More is Better! Reduce Your Diabetes Risk with Exercise

Being physically active is always promoted to have a beneficial effect on the human body. In fact, for many metabolic conditions, one of the key elements in the management strategy involves physical exercise.

So, it is only natural to expect a similar assessment for diabetes where physical exercise is propagated to be beneficial to managing diabetes. Yet, it is not enough to state that physical activity helps manage diabetes. Ethnicity also plays a factor in how much physical activity is enough for diabetes to be kept in control.

While there are numerous studies that have propagated the health benefit of physical exercise, one particular study has gone on to pool all the data of several research papers on the topic.

Scientists at University College, London, Karolinska Institute, Sweden, and University of Cambridge analyzed the results of 28 different studies that looked at total physical activity, leisure time physical activity and the observed risk of developing type 2 diabetes.

The studies chosen were conducted in different parts of the world and included all the major continents. The total number of individuals in the studies included 1,261,991. Out of this number, 84,134 individuals were diabetics.

The review collected the data and noted that when the physical activity was much higher than the recommended limit, there was a 36% reduction in diabetes risk.

This meant moderate exercise for more than 300 min/week could exert this positive effect.

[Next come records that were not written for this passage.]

lemma maxplus_prog_correct:
  assumes "concave_arr n f" "osc_concave_arr n g"
  shows "\<exists>t s. exec f g maxplus_prog (init_state n) t s \<and> t \<le> 210 * (n + 1) \<and>
           (\<forall>k \<in> {1..n}. outp s k = maxplus_conv f g k)"
proof -
  have conc: "concave2_arr n f" "concave2_arr n g"
    using assms concave_arr_imp_concave2_arr osc_concave_arr_imp_concave2_arr by blast+
  let ?s1 = "final f g init_k1 (init_state n)"
  have "loop_free init_k1" by (simp add: init_k1_def)
  from exec_final[OF this, of f g "init_state n"]
  have init: "exec f g init_k1 (init_state n) 6 ?s1" unfolding final_init_k1(1) .
  obtain t2 s2 where 2: "exec f g (chain 1 1 emit_store) ?s1 t2 s2" "t2 \<le> 21 * n + 50" "nr s2 0 = n"
      "\<forall>k. rr s2 (k + 100) = (if on_chain 1 1 k \<and> k \<le> n then parity_conv f g 1 k else rr ?s1 (k + 100))"
    using exec_chain_store[OF final_init_k1(2)[of f g n] conc, of 1 1] by auto
  obtain t3 s3 where 3: "exec f g (chain 2 1 emit_store) s2 t3 s3" "t3 \<le> 21 * n + 50" "nr s3 0 = n"
      "\<forall>k. rr s3 (k + 100) = (if on_chain 2 1 k \<and> k \<le> n then parity_conv f g 1 k else rr s2 (k + 100))"
    using exec_chain_store[OF 2(3) conc, of 2 1] by auto
  have stored: "max (parity_conv f g 0 k) (rr s3 (k + 100)) = maxplus_conv f g k"
    if "1 \<le> k" "k \<le> n" for k
  proof (cases "k = 1")
    case True
    have "rr s3 (k + 100) = f 1 + g 0"
      using spec[OF 2(4), of k] spec[OF 3(4), of k] final_init_k1(3)[of f g n k] True
      by (simp add: on_chain_def)
    then show ?thesis
      using True maxplus_conv_1[of f g] parity_conv_0_1[of f g] by simp
  next
    case False
    then have "on_chain 1 1 k \<or> on_chain 2 1 k" "2 \<le> k"
      using that unfolding on_chain_def by presburger+
    then show ?thesis
      using 2(4) 3(4) that maxplus_conv_parity_split by (auto simp: on_chain_def)
  qed
  obtain t4 s4 where 4: "exec f g (chain 1 0 emit_out) s3 t4 s4" "t4 \<le> 21 * n + 50" "nr s4 0 = n"
      "\<forall>k. rr s4 (k + 100) = rr s3 (k + 100)"
      "\<forall>k. outp s4 k = (if on_chain 1 0 k \<and> k \<le> n then maxplus_conv f g k else outp s3 k)"
    using exec_chain_out[OF 3(3) conc, of 1] stored by (auto simp: on_chain_def)
  obtain t5 s5 where 5: "exec f g (chain 2 0 emit_out) s4 t5 s5" "t5 \<le> 21 * n + 50"
      "\<forall>k. outp s5 k = (if on_chain 2 0 k \<and> k \<le> n then maxplus_conv f g k else outp s4 k)"
    using exec_chain_out[OF 4(3) conc, of 2] stored 4(4) by (auto simp: on_chain_def)
  have "exec f g maxplus_prog (init_state n) (6 + (t2 + (t3 + (t4 + t5)))) s5"
    unfolding maxplus_prog_def
    by (rule exec_Seq[OF init exec_Seq[OF 2(1) exec_Seq[OF 3(1) exec_Seq[OF 4(1) 5(1)]]]])
  moreover have "6 + (t2 + (t3 + (t4 + t5))) \<le> 210 * (n + 1)"
    using 2(2) 3(2) 4(2) 5(2) by simp
  moreover have "outp s5 k = maxplus_conv f g k" if "k \<in> {1..n}" for k
  proof -
    have "on_chain 1 0 k \<or> on_chain 2 0 k"
      using that unfolding on_chain_def by auto
    then show ?thesis using that 4(5) 5(3) by auto
  qed
  ultimately show ?thesis by blast
qed

theorem lemma6:
  shows "\<exists>(p :: prog) (C :: nat). \<forall>n (f :: nat \<Rightarrow> real) (g :: nat \<Rightarrow> real).
           concave_arr n f \<and> osc_concave_arr n g \<longrightarrow>
           (\<exists>t s. exec f g p (init_state n) t s \<and> t \<le> C * (n + 1) \<and>
                  (\<forall>k \<in> {1..n}. outp s k = maxplus_conv f g k))"
  using maxplus_prog_correct by blast

end
lemma tDiag_lincomb:
  assumes "finite I" and w: "\<And>i. i \<in> I \<Longrightarrow> w i \<in> tDiag c1 c2 d1 d2 n"
  shows "(\<lambda>p. \<Sum>i\<in>I. c i * w i p) \<in> tDiag c1 c2 d1 d2 n"
proof -
  let ?U = "\<Union>i\<in>I. {p. w i p \<noteq> 0}"
  have supp: "{p. (\<Sum>i\<in>I. c i * w i p) \<noteq> 0} \<subseteq> ?U"
    by (auto intro: ccontr)
  have "finite ?U" "?U \<subseteq> tB c1 c2 d1 d2"
    using assms by (auto simp: tDiag_def tV_def)
  moreover have "(\<Sum>i\<in>I. c i * w i (k, m)) = 0" if "k + m \<noteq> n" for k m
    using w that by (simp add: tDiag_def)
  ultimately show ?thesis
    using finite_subset[OF supp] supp unfolding tDiag_def tV_def by blast
qed

lemma tDiag_diff:
  assumes "v \<in> tDiag c1 c2 d1 d2 n" "w \<in> tDiag c1 c2 d1 d2 n"
  shows "v - w \<in> tDiag c1 c2 d1 d2 n"
  using tDiag_lincomb[of "{True, False}" "\<lambda>b. if b then v else w" c1 c2 d1 d2 n "\<lambda>b. if b then 1 else -1"]
    assms by (simp add: fun_diff_def)

lemma actFE_eq_sum:
  assumes "degree P \<le> N"
  shows "actFE c1 c2 d1 d2 P v = (\<lambda>p. \<Sum>i\<le>N. coeff P i * (((tF c1 c2 d1 d2 \<circ> tE c1 c2 d1 d2) ^^ i) v) p)"
  unfolding actFE_def
  by (intro ext sum.mono_neutral_left) (use assms in \<open>auto simp: coeff_eq_0\<close>)

lemma actFE_tDiag:
  assumes "v \<in> tDiag c1 c2 d1 d2 n"
  shows "actFE c1 c2 d1 d2 P v \<in> tDiag c1 c2 d1 d2 n"
  unfolding actFE_def by (simp add: assms tDiag_lincomb tDiag_FE_power)

lemma actFE_diff: "actFE c1 c2 d1 d2 (P - Q) v = actFE c1 c2 d1 d2 P v - actFE c1 c2 d1 d2 Q v"
proof -
  let ?N = "max (degree P) (degree Q)"
  have "degree (P - Q) \<le> ?N"
    by (rule degree_diff_le) auto
  then show ?thesis
    by (simp add: actFE_eq_sum[of _ ?N] fun_diff_def sum_subtractf left_diff_distrib)
qed

lemma FE_vanishes_below:
  assumes v: "v \<in> tV c1 c2 d1 d2" and below: "\<And>k m. m < L \<Longrightarrow> v (k, m) = 0"
    and "m < L - 1"
  shows "tF c1 c2 d1 d2 (tE c1 c2 d1 d2 v) (k, m) = 0"
  using assms below[of m] below[of "m - 1"] below[of "m + 1"]
  by (simp add: tF_apply[OF tV_finite_support[OF tE_tV[OF v]]] tE_apply[OF tV_finite_support[OF v]])

lemma FE_corner:
  assumes v: "v \<in> tV c1 c2 d1 d2" and below: "\<And>k' m'. m' < m \<Longrightarrow> v (k', m') = 0"
    and step: "(k, m) \<in> tB c1 c2 d1 d2 \<Longrightarrow> (k + 1, m) \<in> tB c1 c2 d1 d2 \<and> (k + 1, m - 1) \<in> tB c1 c2 d1 d2"
  shows "tF c1 c2 d1 d2 (tE c1 c2 d1 d2 v) (k + 1, m - 1) = v (k, m) * (eN c1 c2 k * fN d1 d2 m)"
  using below step tV_support_in_tB[OF v, of "(k, m)"]
  by (cases "v (k, m) = 0")
     (simp_all add: tF_apply[OF tV_finite_support[OF tE_tV[OF v]]] tE_apply[OF tV_finite_support[OF v]])

locale FE_cyclic_diagonal =
  fixes c1 c2 d1 d2 :: complex and n l0 :: int
  assumes tB_step: "(k, m) \<in> tB c1 c2 d1 d2 \<Longrightarrow> (k + 1, m) \<in> tB c1 c2 d1 d2 \<and> (k, m - 1) \<in> tB c1 c2 d1 d2"
    and top_in_tB: "(l0 + n, - l0) \<in> tB c1 c2 d1 d2"
    and top_is_highest: "(k, m) \<in> tB c1 c2 d1 d2 \<Longrightarrow> k + m = n \<Longrightarrow> m \<le> - l0"
    and ladder_nonzero: "eN c1 c2 (n + l0 + int j) * fN d1 d2 (- (l0 + int j)) \<noteq> 0"
begin

abbreviation FE :: "tvec \<Rightarrow> tvec" where
  "FE \<equiv> tF c1 c2 d1 d2 \<circ> tE c1 c2 d1 d2"

abbreviation z_top :: tvec where
  "z_top \<equiv> tz c1 c2 d1 d2 (l0 + n) (- l0)"

abbreviation rho :: "complex poly \<Rightarrow> tvec" where
  "rho P \<equiv> actFE c1 c2 d1 d2 P z_top"

definition ladder_coeff :: "nat \<Rightarrow> complex" where
  "ladder_coeff i = (\<Prod>j<i. eN c1 c2 (n + l0 + int j) * fN d1 d2 (- (l0 + int j)))"

lemma ladder_coeff_nonzero: "ladder_coeff i \<noteq> 0"
  using ladder_nonzero by (simp add: ladder_coeff_def)

lemma z_top_tDiag: "z_top \<in> tDiag c1 c2 d1 d2 n"
proof -
  have "{q. z_top q \<noteq> 0} = {(l0 + n, - l0)}"
    using top_in_tB by (auto simp: tz_def)
  then show ?thesis
    using top_in_tB by (auto simp: tDiag_def tV_def tz_def)
qed

lemma tDiag_vanishes_above:
  assumes "v \<in> tDiag c1 c2 d1 d2 n" "- l0 < m"
  shows "v (k, m) = 0"
proof (rule ccontr)
  assume "v (k, m) \<noteq> 0"
  then have "(k, m) \<in> tB c1 c2 d1 d2" "k + m = n"
    using assms(1) by (auto simp: tDiag_def tV_def)
  then show False
    using top_is_highest assms(2) by fastforce
qed
lemma lam_add: "\<lbrakk>a \<in> A; b \<in> A; c \<in> A\<rbrakk> \<Longrightarrow> lam a (b \<oplus> c) = lam a b \<oplus> lam a c"
  by (simp add: lam_def circ_add_distrib P.m_assoc)

lemma lam_inv: "a \<in> A \<Longrightarrow> b \<in> A \<Longrightarrow> lam a (\<ominus>b) = \<ominus>(lam a b)"
  using lam_add[of a "\<ominus>b" b] by (simp add: P.inv_equality)

lemma lam_circ: "\<lbrakk>a \<in> A; b \<in> A; c \<in> A\<rbrakk> \<Longrightarrow> lam (a \<odot> b) c = lam a (lam b c)"
proof -
  assume a: "a \<in> A" and b: "b \<in> A" and c: "c \<in> A"
  have "lam a (lam b c) = lam a (\<ominus>b \<oplus> (b \<odot> c))"
    by (simp only: lam_def)
  also have "\<dots> = \<ominus>(lam a b) \<oplus> lam a (b \<odot> c)"
    using a b c by (simp add: lam_add lam_inv)
  also have "\<dots> = \<ominus>(a \<odot> b) \<oplus> a \<oplus> (\<ominus>a \<oplus> (a \<odot> (b \<odot> c)))"
    using a b c by (simp add: lam_def P.inv_mult_group)
  also have "\<dots> = \<ominus>(a \<odot> b) \<oplus> (a \<odot> (b \<odot> c))"
    using a b c by (simp add: P.m_assoc)
  also have "\<dots> = lam (a \<odot> b) c"
    using a b c by (simp add: lam_def M.m_assoc)
  finally show ?thesis by simp
qed

lemma lam_inv_lam [simp]: "a \<in> A \<Longrightarrow> b \<in> A \<Longrightarrow> lam (inv\<^bsub>M\<^esub> a) (lam a b) = b"
  by (simp add: lam_circ[symmetric])

lemma lam_lam_inv [simp]: "a \<in> A \<Longrightarrow> b \<in> A \<Longrightarrow> lam a (lam (inv\<^bsub>M\<^esub> a) b) = b"
  by (simp add: lam_circ[symmetric])

lemma lambda_action: "group_action M A (\<lambda>a. restrict (lam a) A)"
proof -
  have bij: "restrict (lam a) A \<in> Bij A" if "a \<in> A" for a
    unfolding Bij_def
    by (auto intro!: bij_betwI[where g = "lam (inv\<^bsub>M\<^esub> a)"] simp: that)
  have "restrict (lam (a \<odot> b)) A = restrict (lam a) A \<otimes>\<^bsub>BijGroup A\<^esub> restrict (lam b) A"
    if "a \<in> A" "b \<in> A" for a b
    using bij that by (auto simp: BijGroup_def compose_def lam_circ)
  hence "(\<lambda>a. restrict (lam a) A) \<in> hom M (BijGroup A)"
    using bij by (auto intro!: homI simp: BijGroup_def)
  thus ?thesis
    by (simp add: group_action_def group_hom_def group_hom_axioms_def group_BijGroup M.is_group)
qed

lemma lambda_orbit_eq: "lambda_orbit P M b = (\<lambda>a. lam a b) ` A"
  by (simp add: lambda_orbit_def)

lemma orbit_lambda_action: "b \<in> A \<Longrightarrow> orbit M (\<lambda>a. restrict (lam a) A) b = lambda_orbit P M b"
  by (auto simp: orbit_def lambda_orbit_eq)

lemma self_in_lambda_orbit: "b \<in> A \<Longrightarrow> b \<in> lambda_orbit P M b"
  unfolding lambda_orbit_eq by (rule image_eqI[where x = "\<zero>"]) simp_all

definition lambda_fixed :: "'a set" where
  "lambda_fixed = {b \<in> A. \<forall>a\<in>A. lam a b = b}"

lemma lambda_fixed_subset_carrier: "lambda_fixed \<subseteq> A"
  by (auto simp: lambda_fixed_def)

lemma lambda_fixed_carrier: "f \<in> lambda_fixed \<Longrightarrow> f \<in> A"
  using lambda_fixed_subset_carrier by blast

lemma lam_lambda_fixed: "a \<in> A \<Longrightarrow> f \<in> lambda_fixed \<Longrightarrow> lam a f = f"
  by (simp add: lambda_fixed_def)

lemma lambda_fixed_subgroup: "subgroup lambda_fixed P"
  by (rule P.subgroupI) (auto simp: lambda_fixed_def lam_add lam_inv)

lemma lam_in_lambda_fixed_iff:
  assumes a: "a \<in> A" and b: "b \<in> A"
  shows "lam a b \<in> lambda_fixed \<longleftrightarrow> b \<in> lambda_fixed"
proof
  assume fixed: "lam a b \<in> lambda_fixed"
  have lam_fix: "lam c (lam a b) = lam a b" if "c \<in> A" for c
    using fixed that by (simp add: lambda_fixed_def)
  have "lam a b = b"
    using lam_fix[of "inv\<^bsub>M\<^esub> a"] a b by simp
  moreover have "lam c b = lam a b" if "c \<in> A" for c
    using lam_fix[of "c \<odot> inv\<^bsub>M\<^esub> a"] a b that by (simp add: lam_circ)
  ultimately show "b \<in> lambda_fixed"
    using b by (simp add: lambda_fixed_def)
qed (use a in \<open>simp add: lambda_fixed_def\<close>)

end

locale single_vertex_brace = skew_brace_pair +
  assumes comm_add: "comm_group P"
    and finite_carrier: "finite (carrier P)"
    and single_vertex: "card (Lambda_vertices P M) = 1"
begin

sublocale P: comm_group P by (rule comm_add)

definition lambda_moved :: "'a set" where
  "lambda_moved = A - lambda_fixed"

lemma lambda_moved_carrier: "x \<in> lambda_moved \<Longrightarrow> x \<in> A"
  by (simp add: lambda_moved_def)

lemma lambda_orbit_lambda_fixed: "b \<in> lambda_fixed \<Longrightarrow> lambda_orbit P M b = {b}"
  by (force simp: lambda_orbit_eq lam_lambda_fixed)

lemma lambda_orbit_subset_lambda_moved:
  "b \<in> lambda_moved \<Longrightarrow> lambda_orbit P M b \<subseteq> lambda_moved"
  by (auto simp: lambda_orbit_eq lambda_moved_def lam_in_lambda_fixed_iff)

lemma card_lambda_orbit_lambda_moved:
  assumes "b \<in> lambda_moved"
  shows "1 < card (lambda_orbit P M b)"
proof -
  obtain a where a: "a \<in> A" "lam a b \<noteq> b" and b: "b \<in> A"
    using assms by (auto simp: lambda_moved_def lambda_fixed_def)
  have "card {b, lam a b} \<le> card (lambda_orbit P M b)"
    using a b self_in_lambda_orbit finite_carrier by (intro card_mono) (auto simp: lambda_orbit_eq)
  thus ?thesis using a by simp
qed

lemma lambda_orbit_lambda_moved:
  assumes "b \<in> lambda_moved"
  shows "lambda_orbit P M b = lambda_moved"
proof -
  obtain L where L: "Lambda_vertices P M = {L}"
    using single_vertex by (rule card_1_singletonE)
  have orbit_L: "lambda_orbit P M c = L" if "c \<in> lambda_moved" for c
    using L that card_lambda_orbit_lambda_moved[OF that] lambda_moved_carrier[OF that]
    by (auto simp: Lambda_vertices_def)
  have "lambda_moved \<subseteq> L"
    using orbit_L self_in_lambda_orbit lambda_moved_carrier by blast
  thus ?thesis
    using orbit_L[OF assms] lambda_orbit_subset_lambda_moved[OF assms] by blast
qed

lemma lambda_moved_nonempty: "lambda_moved \<noteq> {}"
proof -
  obtain L where "Lambda_vertices P M = {L}"
    using single_vertex by (rule card_1_singletonE)
  hence "L \<in> Lambda_vertices P M" by simp
  then obtain b where "b \<in> A" "1 < card (lambda_orbit P M b)"
    by (auto simp: Lambda_vertices_def)
  thus ?thesis
    using lambda_orbit_lambda_fixed by (auto simp: lambda_moved_def)
qed

definition base :: 'a where
  "base = (SOME x. x \<in> lambda_moved)"

lemma base_lambda_moved: "base \<in> lambda_moved"
  using lambda_moved_nonempty by (simp add: base_def some_in_eq)

lemma base_carrier [simp]: "base \<in> A"
  using base_lambda_moved lambda_moved_carrier by blast

lemma card_carrier_eq: "card A = 2 * card lambda_fixed"
proof (rule double_of_dvd_complement)
  interpret lambda: group_action M A "\<lambda>a. restrict (lam a) A"
    by (rule lambda_action)
  have "card lambda_moved * card (stabilizer M (\<lambda>a. restrict (lam a) A) base) = card A"
    using lambda.orbit_stabilizer_theorem[OF base_carrier]
    by (simp add: orbit_lambda_action lambda_orbit_lambda_moved[OF base_lambda_moved] order_def)
  moreover have "card lambda_moved = card A - card lambda_fixed"
    using finite_carrier lambda_fixed_subset_carrier
    by (simp add: lambda_moved_def card_Diff_subset finite_subset)
  ultimately show "(card A - card lambda_fixed) dvd card A"
    by (metis dvd_triv_left)
  show "card lambda_fixed dvd card A"
    using P.lagrange[OF lambda_fixed_subgroup] by (metis dvd_triv_right order_def)
  have "finite lambda_fixed" "\<zero> \<in> lambda_fixed"
    using finite_carrier lambda_fixed_subset_carrier by (auto simp: lambda_fixed_def finite_subset)
  thus "0 < card lambda_fixed" by (auto simp: card_gt_0_iff)
  show "card lambda_fixed < card A"
    using finite_carrier lambda_fixed_subset_carrier base_lambda_moved
    by (metis Diff_iff lambda_moved_def psubsetI psubset_card_mono)
qed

A further increase in physical activity beyond the 300 min/week resulted in an even further 53% reduction in physical activity.

With these statistical numbers, I am sure you are imagining a rigorous workout in a gym. Well, while that is certainly beneficial to the motivated, there are others who have to start with baby steps. In the case of exercise, cycling and even brisk walking have benefits for type 2 diabetes.

In the UK, the recommended limit is 150 minutes of exercise in the moderate to vigorous range. And yet, not everyone appears to be meeting this limit. And as we all know, the rate of diabetes incidence is increasing globally.

What the study by Dr. Andrea B. Smith and others have shown that you do not have to limit yourself to just 150 minutes of physical activity. You can increase it if you want. The more you exercise, the less chances of you getting diabetes.

It is recommended that more research is required in different ethnic populations to see how much of exercise is needed in the specific context. For example, Indians of Asian origin have a higher risk of type 2 diabetes and require more amount of physical activity.

The results of the study will also help health policies to incorporate ways and means of making physical exercise a part of our daily existence in the same way as eating, watching television, or chilling out. In the long run, it is a far more inexpensive way to live a healthy, worry-free life!